Ай, снеси мне птичка, яичко золотое

погон да петлицу, да гнездо с голой актрисой,

пусть не блядь какая-нибудь марлен-дитрих,

а пусть будет душа василиса прекрасная

с губами красными, с бедром белым.

Крепок воздух весенний, потрескивает, как изба,

конь под Жанной играет, ожерелье ее до колен, в рубинах.

Пищалки да флейты – ну прямо Синее море,

прямо волны шумят, герцог влюблен, как мальчишка.

А у Марлен-Дитрих лицо бледное, серебряное,

                               в пудре лицо, а с затылка коса разматывается,

коса твоя козочка, дорожка вековая, конкурная

                                    пурпуро́вая дорожка, бедная.

А воздух-то, воздух – синь, один на всех пласт голубой жизнетворный,

все вдвигается меж ними, все холодит, вдвигается - единым для всех быть хочет.

Вы братья, говорит, сестры, апостол иоанн, говорит, любите-прощайте, конь белый, шумит в горах Воробьиных,

и он же в тополях Реймса гуляет словом

да ветром.

Не стреляй, браток, в Марлен-Дитрих,

не сшибай с собора высокого стрелой птицу,

а давай достанем дудки-трещотки восславим майского дурака, бога Гермеса.

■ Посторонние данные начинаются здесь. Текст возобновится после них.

definition convex_fun :: "('a::real_vector \<Rightarrow> ereal) \<Rightarrow> bool" where
  "convex_fun u \<longleftrightarrow> (\<forall>x y t. 0 \<le> t \<and> t \<le> 1 \<longrightarrow>
      u ((1 - t) *\<^sub>R x + t *\<^sub>R y) \<le> ereal (1 - t) * u x + ereal t * u y)"

definition coercive_fun :: "('a::real_normed_vector \<Rightarrow> ereal) \<Rightarrow> bool" where
  "coercive_fun u \<longleftrightarrow> (u \<longlongrightarrow> \<infinity>) at_infinity"

definition Conv_coe :: "('a::euclidean_space \<Rightarrow> ereal) set" where
  "Conv_coe = {u. proper_fun u \<and> lsc_fun u \<and> convex_fun u \<and> coercive_fun u
                  \<and> aff_dim (edom u) = int DIM('a)}"

definition M_p :: "real \<Rightarrow> nat \<Rightarrow> (real \<Rightarrow> real) set" where
  "M_p p m = {\<zeta>. continuous_on UNIV \<zeta> \<and> (\<forall>s t. s < t \<longrightarrow> \<zeta> t < \<zeta> s) \<and> (\<forall>t. \<zeta> t > 0)
      \<and> (\<integral>\<^sup>+ t. ennreal (indicator {0..} t * (\<zeta> t powr p * t ^ m)) \<partial>lborel) < \<infinity>}"

definition zeta_ext :: "(real \<Rightarrow> real) \<Rightarrow> ereal \<Rightarrow> real" where
  "zeta_ext \<zeta> a = (if a = \<infinity> then 0 else \<zeta> (real_of_ereal a))"

definition delta_zeta :: "(real \<Rightarrow> real) \<Rightarrow> real \<Rightarrow> ('a::euclidean_space \<Rightarrow> ereal)
      \<Rightarrow> ('a \<Rightarrow> ereal) \<Rightarrow> ennreal" where
  "delta_zeta \<zeta> p u v =
     (let I = (\<integral>\<^sup>+ x. ennreal (\<bar>zeta_ext \<zeta> (u x) - zeta_ext \<zeta> (v x)\<bar> powr p) \<partial>lborel)
      in if I = \<infinity> then \<infinity> else ennreal (enn2real I powr (1 / p)))"

end

theory Submission
  imports Defs
begin
lemma
  fixes V :: "'a::chilbert_space \<Rightarrow> 'a"
  assumes V: "bounded_clinear V" "bounded_below V"
  defines "R \<equiv> op_sqrt (cadjoint V \<circ> V)"
  shows bounded_clinear_op_sqrt_gram: "bounded_clinear R"
    and op_sqrt_gram_square: "R (R x) = cadjoint V (V x)"
    and selfadjoint_op_sqrt_gram: "cadjoint R = R"
    and bounded_below_op_sqrt_gram: "bounded_below R"
proof -
  obtain S \<epsilon> where S: "bounded_clinear S" "positive_op S" "S \<circ> S = cadjoint V \<circ> V" "cadjoint S = S"
    and strict: "0 < \<epsilon>" "\<And>y. \<epsilon> * (norm y)\<^sup>2 \<le> inner (S y) y"
    and commute: "\<And>U x. bounded_linear U \<Longrightarrow> (\<And>y. U ((cadjoint V \<circ> V) y) = (cadjoint V \<circ> V) (U y)) \<Longrightarrow>
      U (S x) = S (U x)"
    using positive_sqrt_gram_exists[OF V] by blast
  have RS: "R = S" unfolding R_def by (rule op_sqrt_eqI[OF S(1-3) strict commute])
  show "bounded_clinear R" "cadjoint R = R" "bounded_below R"
    using S bounded_below_if_strictly_positive[OF strict] by (simp_all add: RS)
  show "R (R x) = cadjoint V (V x)" using S(3) by (simp add: RS fun_eq_iff)
qed

lemma
  fixes V :: "'a::chilbert_space \<Rightarrow> 'a"
  assumes V: "bounded_clinear V" "bounded_below V"
  defines "R \<equiv> op_sqrt (cadjoint V \<circ> V)"
  shows bounded_clinear_inv_op_sqrt_gram: "bounded_clinear (inv R)"
    and selfadjoint_inv_op_sqrt_gram: "cadjoint (inv R) = inv R"
    and op_sqrt_gram_inv: "R (inv R x) = x"
    and inv_op_sqrt_gram_square: "inv R (inv R x) = inv (cadjoint V \<circ> V) x"
proof -
  note R = bounded_clinear_op_sqrt_gram[OF V, folded R_def] op_sqrt_gram_square[OF V, folded R_def]
    selfadjoint_op_sqrt_gram[OF V, folded R_def] bounded_below_op_sqrt_gram[OF V, folded R_def]
  have bij: "bij R" by (rule bij_if_selfadjoint_bounded_below[OF R(1,3,4)])
  show RI: "R (inv R y) = y" for y using bij by (simp add: bij_is_surj surj_f_inv_f)
  show I: "bounded_clinear (inv R)" by (rule bounded_clinear_inv[OF R(1,4) bij])
  show "cadjoint (inv R) = inv R" by (rule cadjoint_inv[OF R(1,3) bij I])
  have "(cadjoint V \<circ> V) (inv R (inv R x)) = R (R (inv R (inv R x)))" by (simp add: R(2))
  also have "\<dots> = x" by (simp add: RI)
  finally show "inv R (inv R x) = inv (cadjoint V \<circ> V) x" using bij_gram[OF V] by (metis bij_inv_eq_iff)
qed
(* Let $T_0$ be an unrooted binary phylogenetic tree on $n$ leaves. There is an NNI-walk of length $O(n^2)$ that visits every tree of the SPR neighborhood $N_{SPR}(T_0)$. *)

theory Defs
  imports Main
begin

text \<open>Leaves of a phylogenetic X-tree are
  identified with the labels in X (X is the leaf set; labels = leaf vertices).\<close>

type_synonym graph = "nat set \<times> nat set set"

definition adj :: "nat set set \<Rightarrow> (nat \<times> nat) set" where
  "adj E = {(a, b). {a, b} \<in> E}"

definition degree :: "nat set set \<Rightarrow> nat \<Rightarrow> nat" where
  "degree E v = card {w. {v, w} \<in> E}"

definition is_tree :: "graph \<Rightarrow> bool" where
  "is_tree T \<longleftrightarrow> (case T of (V, E) \<Rightarrow>
     finite V \<and>
     (\<forall>e\<in>E. \<exists>a b. a \<noteq> b \<and> a \<in> V \<and> b \<in> V \<and> e = {a, b}) \<and>
     (\<forall>a\<in>V. \<forall>b\<in>V. (a, b) \<in> (adj E)\<^sup>*) \<and>
     (\<forall>e\<in>E. \<forall>a b. e = {a, b} \<longrightarrow> (a, b) \<notin> (adj (E - {e}))\<^sup>*))"

definition phylo_tree :: "nat set \<Rightarrow> graph \<Rightarrow> bool" where
  "phylo_tree X T \<longleftrightarrow> (case T of (V, E) \<Rightarrow>
     is_tree (V, E) \<and> X \<subseteq> V \<and>
     (\<forall>v\<in>V. v \<in> X \<longleftrightarrow> degree E v = 1) \<and>
     (\<forall>v\<in>V - X. degree E v = 3))"
theorem lemma4p2:
  fixes M :: "'a measure" and B :: "real \<Rightarrow> 'a \<Rightarrow> real" and X0 :: "'a \<Rightarrow> real"
    and \<mu> :: "real measure" and r s :: real
  assumes r: "r > 0"
    and BM: "standard_BM M B"
    and X0_meas: "X0 \<in> borel_measurable M"
    and indep: "prob_space.indep_set M
                    {X0 -` A \<inter> space M | A. A \<in> sets borel}
                    (sigma_sets (space M) (\<Union>t. {B t -` A \<inter> space M | A. A \<in> sets borel}))"
    and mu_prob: "prob_space \<mu>" and mu_sets: "sets \<mu> = sets borel"
    and mu_pos: "\<mu> {..0} = 0"
    and law: "distr M borel X0 = \<mu>"
    and moment: "(\<integral>\<^sup>+ x. ennreal (x ^ 3 * exp (r * x)) * indicator {0<..} x \<partial>\<mu>) < \<infinity>"
    and s: "s \<ge> 0"
  shows "(let X = (\<lambda>t \<omega>. X0 \<omega> + B t \<omega> - r * t);
              A = {\<omega> \<in> space M. hit0 X \<omega> > ereal s}
          in (\<integral>\<^sup>+ \<omega>. ennreal (X s \<omega> ^ 3 * exp (r * X s \<omega>)) * indicator A \<omega> \<partial>M)
               / emeasure M A < \<infinity>)"
proof -
  note [measurable] = X0_meas standard_BMD(2)[OF BM]
  define X where "X = (\<lambda>t \<omega>. X0 \<omega> + B t \<omega> - r * t)"
  define A where "A = {\<omega> \<in> space M. hit0 X \<omega> > ereal s}"
  have "X t \<in> borel_measurable M" for t
    unfolding X_def by measurable
  moreover have "continuous_on {0..} (\<lambda>t. X t \<omega>)" if "\<omega> \<in> space M" for \<omega>
    unfolding X_def by (intro continuous_intros standard_BMD(4)[OF BM that])
  ultimately have A_sets: "A \<in> sets M"
    unfolding A_def using s by (rule sets_hit0_gt)
  \<comment> \<open>Only the positive part of X0 enters the estimate.\<close>
  have "(\<integral>\<^sup>+\<omega>. ennreal (max (X0 \<omega>) 0 ^ 3 * exp (r * max (X0 \<omega>) 0)) \<partial>M)
      = (\<integral>\<^sup>+x. ennreal (max x 0 ^ 3 * exp (r * max x 0)) \<partial>\<mu>)"
    unfolding law[symmetric] by (subst nn_integral_distr) auto
  also have "\<dots> = (\<integral>\<^sup>+ x. ennreal (x ^ 3 * exp (r * x)) * indicator {0<..} x \<partial>\<mu>)"
    by (intro nn_integral_cong) (simp add: indicator_def max_def)
  finally have "(\<integral>\<^sup>+\<omega>. ennreal (X s \<omega> ^ 3 * exp (r * X s \<omega>)) \<partial>M) < \<infinity>"
    using drifted_BM_nn_integral_cube_mult_exp_finite[OF r BM X0_meas indep _ s] moment
    by (simp add: X_def)
  then have "(\<integral>\<^sup>+\<omega>. ennreal (X s \<omega> ^ 3 * exp (r * X s \<omega>)) * indicator A \<omega> \<partial>M) < \<infinity>"
    by (rule le_less_trans[rotated]) (intro nn_integral_mono, simp add: indicator_def)
  then show ?thesis
    unfolding Let_def X_def[symmetric] A_def[symmetric]
    by (rule nn_integral_indicator_divide_emeasure_less_top[OF A_sets])
qed

end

А то сядем в лодку, содвинемся лбами

да выплачем горе

всей остальной, не нашей уже жизни.

 

 

МАЯТНИК

 

А если б не олень, как заплелась бы роща.

Шнурует землю крот и кровь – ребро,

и мы от ласты делаемся площе

и проще, легче, чем упавшее перо.

 

Огонь живет в плечах, как арсенал Гермеса,

травинка горяча, и смертный прах

нам нужен для того, чтобы лишил нас веса,

свой чернозем набрав, тот звездный ковш в цветах.

 

Зачем река длинней руки простерта?

Я тело раздавал, чтоб древовидный луч

шел в кольцах годовых. И красная реторта

одна на всех живых – двугубый легкий хрящ.

 

Орфей-аэроплан играл земли углами,

стопа расширена, как Эвридики плач.

И звезд коленчатых возня над нами

нас сводит в гроб и удлиняет в луч.

 

Все говорливое уложится в наперсток,

над Сан-Мигеле бабочка летит,

и тяжелее маски в синих блестках

на мне лицо неровное лежит.

 

И детство, и барак качнет землетрясенье,

и старики замрут, мигнет и вспыхнет свет.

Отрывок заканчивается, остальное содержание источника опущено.